Top-Down versus Bottom-Up Christianity (or the CS Lewis versus Bruce Charlton strategies for conversion)

I associate CS Lewis with the Top-Down strategy for becoming a Christian - the suggestion for What To Do when you want to become become a Christian but aren't yet a Christian.

Lewis's basic idea is that you start out by 'going through the motions' or (less charitably) 'pretending' to be a Christian; and the rest will follow.

So, for instance, you might start praying, reading scripture regularly, or attending church (he suggests the nearest church of your birth denomination - which made sense up to c.1955 but nowadays would be pretty hazardous in most cases). The idea is that by developing good habits on the surface, your deep convictions will be trained to follow.

If this works, then by all means do it! But I suspect that modernity has inoculated many people against any and all such surface approaches, because it has ensured that all information will be systematically misinterpreted. Plus leftist-materialism has so permeated all institutions that church services and scriptures (in new translations and commentaries) alike have been corrupted to work (overall) against Christianity - e.g. by presenting the religion as primarily 'about' social justice or the environment.

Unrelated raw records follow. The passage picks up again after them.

(* Let $\mathcal U\in\mathrm{Ch}(A'B',AB)$ be a two-qubit unitary channel ($|A'|=|B'|=|A|=|B|=2$) with Choi state $\Phi^{\mathcal U}_{R_AAR_BB}$. Then the state \[ \rho_{R_BB}:=\frac{\sqrt{\Phi^{\mathcal U}_{R_BB}}}{\operatorname{tr}\sqrt{\Phi^{\mathcal U}_{R_BB}}} \] is the Choi state of a unital qubit channel from $B'$ to $B$; that is, $\operatorname{tr}_B\rho_{R_BB}=\mathbb 1_{R_B}/2$ and $\operatorname{tr}_{R_B}\rho_{R_BB}=\mathbb 1_B/2$.
   Context: Maximally entangled state $\Phi_{RX}:=\frac1{|X|}\sum_{i,j}|ii\rangle\langle jj|$; Choi state of a bipartite channel $\mathcal N$ from $A'B'$ to $AB$: $\Phi^{\mathcal N}_{R_AAR_BB}:=(\mathrm{id}_{R_AR_B}\otimes\mathcal N)(\Phi_{R_AA'}\otimes\Phi_{R_BB'})$ with $R_A\simeq A'$, $R_B\simeq B'$; $\Phi^{\mathcal U}_{R_BB}$ denotes its marginal on $R_BB$. *)

theory Defs
  imports "HOL-Analysis.Analysis"
begin

text \<open>Operators on a finite-dimensional system with basis indexed by a finite type 'x are
  complex matrices of type complex^'x^'x. Composite systems use product index types.
  A qubit has index type 2.\<close>

type_synonym 'x op = "complex^'x^'x"

definition qadj :: "complex^'n^'m \<Rightarrow> complex^'m^'n" where
  "qadj M = (\<chi> i j. cnj (M $ j $ i))"

definition qunitary :: "'n::finite op \<Rightarrow> bool" where
  "qunitary U \<longleftrightarrow> U ** qadj U = mat 1 \<and> qadj U ** U = mat 1"

definition qtrace :: "'n::finite op \<Rightarrow> complex" where
  "qtrace M = (\<Sum>i\<in>UNIV. M $ i $ i)"

definition qpsd :: "'n::finite op \<Rightarrow> bool" where
  "qpsd M \<longleftrightarrow> (\<forall>x::complex^'n. \<exists>r::real. r \<ge> 0 \<and>
      (\<Sum>i\<in>UNIV. cnj (x $ i) * (M *v x) $ i) = complex_of_real r)"

definition qsqrt :: "'n::finite op \<Rightarrow> 'n op" where
  "qsqrt M = (THE S. qpsd S \<and> S ** S = M)"

definition ptrace1 :: "('a::finite \<times> 'b::finite) op \<Rightarrow> 'b op" where
  "ptrace1 M = (\<chi> j j'. \<Sum>i\<in>UNIV. M $ (i, j) $ (i, j'))"

definition ptrace2 :: "('a::finite \<times> 'b::finite) op \<Rightarrow> 'a op" where
  "ptrace2 M = (\<chi> i i'. \<Sum>j\<in>UNIV. M $ (i, j) $ (i', j))"

definition ketbra :: "'n::finite \<Rightarrow> 'n \<Rightarrow> 'n op" where
  "ketbra i j = (\<chi> k l. if k = i \<and> l = j then 1 else 0)"

definition unitary_channel :: "'n::finite op \<Rightarrow> 'n op \<Rightarrow> 'n op" where
  "unitary_channel U \<rho> = U ** \<rho> ** qadj U"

My alternative idea (expounded multiple times on this blog) is for individuals to discover and examine their own most fundamental assumptions about reality - their metaphysics.

These might include assumptions that there is no soul, that the spiritual realm is imaginary, that all talk of life after death is wishful thinking, that reality is a mixture of blind determinism and accident etc. Such assumptions (which are very common, but unfounded) will usually block conversion, so they probably need to be addressed.

By 'examine' these, I mean they should be made clear and brought before the intuition, the imagination - to see whether we really-and-truly and whole-heartedly endorse them as necessarily true... and if not, what instead we do endorse.

Such a process will, I think, lead most people to Christianity if pursued honestly and diligently - and will do so in a Bottom Up fashion, by building Christianity upon the foundations of what we feel-and-know to be true metaphysics.

1 comment:

Nathaniel said...

Great article, and the bottom up method is what has worked for me personally in building a personal metaphysics.
I consciously descended into Nietzsche (whose writing style I admire to this day) and took on a materialist atheist position, supported by other writings of atheists and existentialists. From here, I began (what has been a hard) process of uprooting assumptions, and discovering for myself via conscious observation and reflection, my own metaphysics. Doing what I call inner work on myself, and in fact destroying myself in the process... but this in many ways has led to an arrival of something else in me, almost an inner child has the space to move in now I can see the ego for what it is. I've come to realise and discern the difference between Personality and Essence. I now understand post-modernity as 'the to nowhere' ... although rather than outright reject it, I think it is best we face it and do our best to transform it through our own individual efforts. I think it either consumes us, or we take the individual path as you point out many times.

Also, through (as best as I know) my own inner workings, I came to discover truly, God is Love.